Now we have defined the "movie_ids_to_get". It includes the ids from our dataframe in the year we are seeking, and it excludes any that we have already made calls for.

We will use this list for our inner loop of API calls.

**----Start INNER Loop----**

Now that we have the filtered list of movie_ids_to_get for the current year, we will now create an inner loop to iterate through the movie_ids_to_get, and for each ID, we will: retrieve the movie info from the TMDB API, append the movie_info dictionary to our JSON_FILE, wait 20 ms to avoid overwhelming the API.

**Iterate through the list of Movie IDs and make the calls**

The code below relies on the function you wrote in the previous lesson that made API calls and added the certification to the .info results. Here this function is named "get_movie_with_rating". Make sure you have the function from the earlier lesson in the code file before you plan to call on it! This loop also uses the function above (write_json) to extend/append the results to the .json file. **Make sure both functions are defined in your code file before you try to call them!**

Since some movies exist in IMDB's title basics dataset (our DataFrame) that do not exist within the database for TMDB's API, we will get an error whenever we attempt to retrieve a movie id that TMDB does not have in its database.

To get around this, we will use a try and except statement around our inner loop. We will TRY to run the inner loop to retrieve and save the data for the current movie_id, but if we get an error, we will save the movie_id and error message in our errors list

In [None]:
 #Get index and movie id from list
    # INNER Loop
    for movie_id in tqdm_notebook(movie_ids_to_get,
                                  desc=f'Movies from {YEAR}',
                                  position=1,
                                  leave=True):
        try:
            # Retrieve then data for the movie id
            temp = get_movie_with_rating(movie_id)  
            # Append/extend results to existing file using a pre-made function
            write_json(temp,JSON_FILE)
            # Short 20 ms sleep to prevent overwhelming server
            time.sleep(0.02)
            
        except Exception as e:
            errors.append([movie_id, e])

**After the Inner Loop**

Once the inner loop through the current movie_ids_to_get has finished, we will have all of our results for that year in our JSON_FILE. We now want to save them in a smaller file format.
Save the year's results as csv.gz file

Once all of the API calls for the current year are made, you should open your .json file with pd.read_json and convert each json file to a compressed csv (".csv.gz") to save space.
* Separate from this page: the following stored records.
lemma sum_list_bracket_snd_fst:
  assumes "bilinear_map s s br" "skew_tensor s r" "dual_vec s f" "dual_vec s g"
  shows "(\<Sum>p\<leftarrow>r. \<Sum>q\<leftarrow>r. f (fst p) * g (br (snd p) (fst q)) * h (snd q))
    = - g (br (tensor_map s r f) (tensor_map s r h))"
proof -
  let ?G = "\<lambda>u. g (br u (tensor_map s r h))"
  have "(\<Sum>p\<leftarrow>r. \<Sum>q\<leftarrow>r. f (fst p) * g (br (snd p) (fst q)) * h (snd q))
      = (\<Sum>p\<leftarrow>r. f (fst p) * (\<Sum>q\<leftarrow>r. h (snd q) * g (br (snd p) (fst q))))"
    by (simp add: sum_list_const_mult[symmetric] mult_ac)
  also have "\<dots> = (\<Sum>p\<leftarrow>r. f (fst p) * ?G (snd p))"
    using dual_vec_tensor_map[OF dual_vec_comp_bracket_right[OF assms(1,4)]] by simp
  also have "\<dots> = f (tensor_map s r ?G)"
    using dual_vec_tensor_map[OF assms(3)] by (simp add: mult_ac)
  also have "\<dots> = - ?G (tensor_map s r f)"
    using skew_tensor_map_swap[OF assms(2) dual_vec_comp_bracket_left[OF assms(1,4)] assms(3)] .
  finally show ?thesis .
qed

lemma sum_list_bracket_snd_snd:
  assumes "bilinear_map s s br" "skew_tensor s r" "dual_vec s f" "dual_vec s g" "dual_vec s h"
  shows "(\<Sum>p\<leftarrow>r. \<Sum>q\<leftarrow>r. f (fst p) * g (fst q) * h (br (snd p) (snd q)))
    = h (br (tensor_map s r f) (tensor_map s r g))"
proof -
  let ?H = "\<lambda>u. h (br u (tensor_map s r g))"
  have inner: "(\<Sum>q\<leftarrow>r. g (fst q) * h (br y (snd q))) = - ?H y" for y
  proof -
    have "(\<Sum>q\<leftarrow>r. g (fst q) * h (br y (snd q))) = g (tensor_map s r (\<lambda>u. h (br y u)))"
      using dual_vec_tensor_map[OF assms(4)] by (simp add: mult_ac)
    also have "\<dots> = - ?H y"
      using skew_tensor_map_swap[OF assms(2) dual_vec_comp_bracket_right[OF assms(1,5)] assms(4)] .
    finally show ?thesis .
  qed
  have "(\<Sum>p\<leftarrow>r. \<Sum>q\<leftarrow>r. f (fst p) * g (fst q) * h (br (snd p) (snd q)))
      = (\<Sum>p\<leftarrow>r. f (fst p) * (\<Sum>q\<leftarrow>r. g (fst q) * h (br (snd p) (snd q))))"
    by (simp add: sum_list_const_mult[symmetric] mult_ac)
  also have "\<dots> = - (\<Sum>p\<leftarrow>r. f (fst p) * ?H (snd p))"
    by (simp add: inner sum_list_const_mult[symmetric] uminus_sum_list_map o_def)
  also have "\<dots> = - f (tensor_map s r ?H)"
    using dual_vec_tensor_map[OF assms(3)] by (simp add: mult_ac)
  also have "\<dots> = ?H (tensor_map s r f)"
    using skew_tensor_map_swap[OF assms(2) dual_vec_comp_bracket_left[OF assms(1,5)] assms(3)]
    by simp
  finally show ?thesis .
qed

definition ybe_dual_form ::
    "('k::field \<Rightarrow> 'v::ab_group_add \<Rightarrow> 'v) \<Rightarrow> ('v \<Rightarrow> 'v \<Rightarrow> 'v) \<Rightarrow> ('v \<times> 'v) list \<Rightarrow>
     ('v \<Rightarrow> 'k) \<Rightarrow> ('v \<Rightarrow> 'k) \<Rightarrow> ('v \<Rightarrow> 'k) \<Rightarrow> 'k" where
  "ybe_dual_form s br r f g h =
     f (br (tensor_map s r g) (tensor_map s r h)) - g (br (tensor_map s r f) (tensor_map s r h))
     + h (br (tensor_map s r f) (tensor_map s r g))"
(* Consider equation (E). Assume there exist continuous non-decreasing functions $\sigma_1,\dots,\sigma_m:[t_0,\infty)\to\mathbb{R}$ such that $\tau_i(t)\le\sigma_i(t)\le t$ for all $t\ge t_0$ and $i=1,\dots,m$. For $t\ge t_0$ and $i,j\in\{1,\dots,m\}$ put $$I_{ij}(t)=\int_{\sigma_j(t)}^{t}p_i(s)\exp\Bigg(\int_{\tau_i(s)}^{\sigma_i(t)}\sum_{k=1}^{m}p_k(\xi)\exp\bigg(\int_{\tau_k(\xi)}^{\xi}\sum_{l=1}^{m}p_l(u)\,du\bigg)d\xi\Bigg)ds .$$ If $$\limsup_{t\to+\infty}\prod_{j=1}^{m}\Bigg[\prod_{i=1}^{m}I_{ij}(t)\Bigg]^{1/m}>\frac{1}{m^{m}},$$ then all solutions of (E) oscillate.
   Context: Equation (E) is $x'(t)+\sum_{i=1}^{m}p_i(t)\,x(\tau_i(t))=0$, $t\ge t_0$, where $m\ge1$ is an integer and, for each $i$, $p_i,\tau_i:[t_0,\infty)\to[0,\infty)$ are continuous, $\tau_i(t)\le t$ for $t\ge t_0$, and $\lim_{t\to\infty}\tau_i(t)=\infty$. Let $\tau(t)=\min_i\tau_i(t)$ and $\tau_{(-1)}(t)=\sup\{s:\tau(s)\le t\}$. A solution of (E) is a function $x\in C([T_0,\infty);\mathbb{R})$ for some $T_0\ge t_0$ which is continuously differentiable on $[\tau_{(-1)}(T_0),\infty)$ and satisfies (E) for $t\ge\tau_{(-1)}(T_0)$. A solution is oscillatory if it has arbitrarily large zeros, and nonoscillatory otherwise; "all solutions oscillate" means every solution is oscillatory. *)

theory Defs
  imports "HOL-Analysis.Analysis"
begin

definition oint :: "real \<Rightarrow> real \<Rightarrow> (real \<Rightarrow> real) \<Rightarrow> real" where
  "oint a b f = (if a \<le> b then integral {a..b} f else - integral {b..a} f)"

definition tau_min :: "nat \<Rightarrow> (nat \<Rightarrow> real \<Rightarrow> real) \<Rightarrow> real \<Rightarrow> real" where
  "tau_min m tau t = Min ((\<lambda>i. tau i t) ` {1..m})"

definition tau_inv :: "nat \<Rightarrow> real \<Rightarrow> (nat \<Rightarrow> real \<Rightarrow> real) \<Rightarrow> real \<Rightarrow> real" where
  "tau_inv m t0 tau T = Sup {s. s \<ge> t0 \<and> tau_min m tau s \<le> T}"

definition is_solution ::
  "nat \<Rightarrow> real \<Rightarrow> (nat \<Rightarrow> real \<Rightarrow> real) \<Rightarrow> (nat \<Rightarrow> real \<Rightarrow> real) \<Rightarrow> (real \<Rightarrow> real) \<Rightarrow> real \<Rightarrow> bool" where
  "is_solution m t0 p tau x T0 \<longleftrightarrow>
     T0 \<ge> t0 \<and> continuous_on {T0..} x \<and>
     (\<exists>x'. continuous_on {tau_inv m t0 tau T0..} x' \<and>
        (\<forall>t \<ge> tau_inv m t0 tau T0.
            (x has_real_derivative x' t) (at t within {tau_inv m t0 tau T0..}) \<and>
            x' t + (\<Sum>i\<in>{1..m}. p i t * x (tau i t)) = 0))"

definition I_ij ::
  "nat \<Rightarrow> (nat \<Rightarrow> real \<Rightarrow> real) \<Rightarrow> (nat \<Rightarrow> real \<Rightarrow> real) \<Rightarrow> (nat \<Rightarrow> real \<Rightarrow> real) \<Rightarrow> nat \<Rightarrow> nat \<Rightarrow> real \<Rightarrow> real" where
  "I_ij m p tau sg i j t =
     oint (sg j t) t (\<lambda>s. p i s *
       exp (oint (tau i s) (sg i t)
         (\<lambda>\<xi>. \<Sum>k\<in>{1..m}. p k \<xi> * exp (oint (tau k \<xi>) \<xi> (\<lambda>u. \<Sum>l\<in>{1..m}. p l u)))))"

definition oscillatory :: "(real \<Rightarrow> real) \<Rightarrow> bool" where
  "oscillatory x \<longleftrightarrow> (\<forall>T. \<exists>t\<ge>T. x t = 0)"

end

theory Submission
  imports Defs
begin

(* Proof of the oscillation criterion for  x'(t) + sum_i p_i(t) x(tau_i(t)) = 0.
   Since -x solves (E) whenever x does, and a nonvanishing continuous function has
   eventually constant sign, it suffices to refute an eventually positive solution x.
   For such x we iterate a decay estimate: if x(v) exp(int_u^v Q) <= x(u) for all large
   u <= v, then x(tau_k(u)) >= x(u) exp(int_{tau_k(u)}^u Q), so the equation gives
   x' <= -(A Q) x with the operator A = delay_amp, (A Q)(xi) = sum_k p_k(xi) exp(int_{tau_k(xi)}^xi Q),
   and a Gronwall argument yields the same decay estimate for A Q.  Starting from Q = 0
   (x is eventually nonincreasing), two iterations give the kernel of I_ij.
   Integrating the equation over [sigma_j(t), t] then gives, with y_i = x(sigma_i(t)),
   sum_i y_i I_ij(t) <= y_j, and the AM-GM inequality turns this system into
   prod_j (prod_i I_ij(t))^(1/m) <= 1/m^m for all large t, contradicting the hypothesis. *)

lemma oint_eq_integral: "a \<le> b \<Longrightarrow> oint a b f = integral {a..b} f"
  by (simp add: oint_def)
text \<open>An occurrence in \<open>w u\<close> of the expansion of \<open>m\<close> consecutive letters of the derived
  word is aligned with the cutting into return words, since the occurrences of \<open>w\<close> inside
  it match up.\<close>
lemma occurrence_of_expansion:
  assumes oc: "occurs_at wu (expand (map der [i..<i+m])) q"
  shows "\<exists>j. q = occ_w j \<and> (\<forall>k\<le>m. occ_w (j + k) = q + (occ_w (i + k) - occ_w i)) \<and>
     (\<forall>d < occ_w (i + m) - occ_w i + length w. wu (q + d) = wu (occ_w i + d))"
proof -
  define F where "F = expand (map der [i..<i+m])"
  have lenF: "length F = occ_w (i + m) - occ_w i + length w" unfolding F_def expand_der by simp
  have eqv: "wu (q + d) = wu (occ_w i + d)" if "d < length F" for d
    using oc that unfolding occurs_at_iff F_def[symmetric] by (simp add: F_def expand_der)
  have tr: "occurs_w (q + e) \<longleftrightarrow> occurs_w (occ_w i + e)" if "e + length w \<le> length F" for e
  proof -
    have "\<forall>k<length w. wu (q + e + k) = wu (occ_w i + e + k)"
      using eqv[of "e + _"] that by (simp add: add.assoc)
    then show ?thesis unfolding occurs_at_iff by simp
  qed
  have "occurs_w q" using tr[of 0] occurs_w_occ_w[of i] lenF by simp
  then obtain j where qj: "q = occ_w j" using occurs_w_imp_occ_w by blast
  have "occ_w (j + k) = q + (occ_w (i + k) - occ_w i)" if "k \<le> m" for k
    using that
  proof (induction k)
    case (Suc k)
    then have IH: "occ_w (j + k) = q + (occ_w (i + k) - occ_w i)" by simp
    have m1: "occ_w i \<le> occ_w (i + k)" "occ_w (i + k) < occ_w (Suc (i + k))"
      "occ_w (Suc (i + k)) \<le> occ_w (i + m)"
      using occ_w_le_iff occ_w_less_Suc Suc.prems by auto
    define y where "y = q + (occ_w (Suc (i + k)) - occ_w i)"
    have "occ_w (Suc (j + k)) = y"
    proof (rule occ_w_Suc_eqI)
      show "occ_w (j + k) < y" using IH m1 y_def by simp
      show "occurs_w y"
        using tr[of "occ_w (Suc (i + k)) - occ_w i"] occurs_w_occ_w[of "Suc (i + k)"] m1 lenF y_def
        by simp
      fix z assume z: "occ_w (j + k) < z" "z < y"
      define e where "e = z - q"
      have "z = q + e" "occ_w (i + k) < occ_w i + e" "occ_w i + e < occ_w (Suc (i + k))"
        "e + length w \<le> length F"
        using z IH y_def m1 e_def lenF by auto
      then show "\<not> occurs_w z" using tr[of e] not_occurs_w_between[of "i + k" "occ_w i + e"] by simp
    qed
    then show ?case using y_def by simp
  qed (simp add: qj)
  then show ?thesis using qj eqv lenF by auto
qed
This is done after the inner loop but within the outer loop.

In [None]:
    final_year_df = pd.read_json(JSON_FILE)
    final_year_df.to_csv(f"{FOLDER}final_tmdb_data_{YEAR}.csv.gz", compression="gzip", index=False)
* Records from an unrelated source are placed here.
lemma nonneg_combination_omega:
  "\<exists>x y z. 0 \<le> x \<and> 0 \<le> y \<and> 0 \<le> z \<and> c = of_real x + of_real y * \<omega> + of_real z * \<omega>\<^sup>2"
proof -
  define q where "q = 2 * Im c / sqrt 3"
  define p where "p = Re c + q / 2"
  define t where "t = \<bar>p\<bar> + \<bar>q\<bar>"
  have "c = of_real p + of_real q * \<omega>"
    by (simp add: complex_eq_iff p_def q_def \<omega>_def)
  also have "\<dots> = of_real (p + t) + of_real (q + t) * \<omega> + of_real t * \<omega>\<^sup>2"
    by (simp add: omega_square algebra_simps)
  finally show ?thesis
    by (intro exI[of _ "p + t"] exI[of _ "q + t"] exI[of _ t]) (auto simp: t_def)
qed

definition circulant3 :: "'a \<Rightarrow> 'a \<Rightarrow> 'a \<Rightarrow> 'a :: zero mat" where
  "circulant3 x y z = mat 3 3 (\<lambda>(i, j). if j = i then x else if j = (i + 1) mod 3 then y else z)"

definition fourier3 :: "complex mat" where
  "fourier3 = mat 3 3 (\<lambda>(i, j). \<omega> ^ (i * j))"

definition inv_fourier3 :: "complex mat" where
  "inv_fourier3 = mat 3 3 (\<lambda>(i, j). \<omega> ^ (2 * i * j) / 3)"

lemma circulant3_carrier [simp]: "circulant3 x y z \<in> carrier_mat 3 3"
  by (simp add: circulant3_def)

lemma fourier3_carrier [simp]: "fourier3 \<in> carrier_mat 3 3" "inv_fourier3 \<in> carrier_mat 3 3"
  by (simp_all add: fourier3_def inv_fourier3_def)

lemma less_3_cases: "(i :: nat) < 3 \<Longrightarrow> i = 0 \<or> i = 1 \<or> i = 2"
  by auto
**After Your Inner & Outer Loop**

Print a message reporting back the number of movie ids that caused an error.

**Troubleshooting:**
  
If you get an error message when trying to run pd.read_json, try replacing pd.read_json with the "read_and_fix_json" helper function in this repository: **https://github.com/coding-dojo-data-science/data-enrichment-helper-functions**

In [None]:
# Instead of previous_df=pd.read_json:
previous_df = read_and_fix_json(JSON_FILE)

**Summary**

This lesson exemplifies the importance of planning your complex coding tasks so that you are clear on what you are trying to do in plain language before translating to code. While this lesson shows examples of the different segments of code that you may want to use in the next phase of the project, remember it is still up to you to read and understand each step so that you can put together the final product! **You will need to be conscientious of the order of the information and the appropriate format (especially tabs).**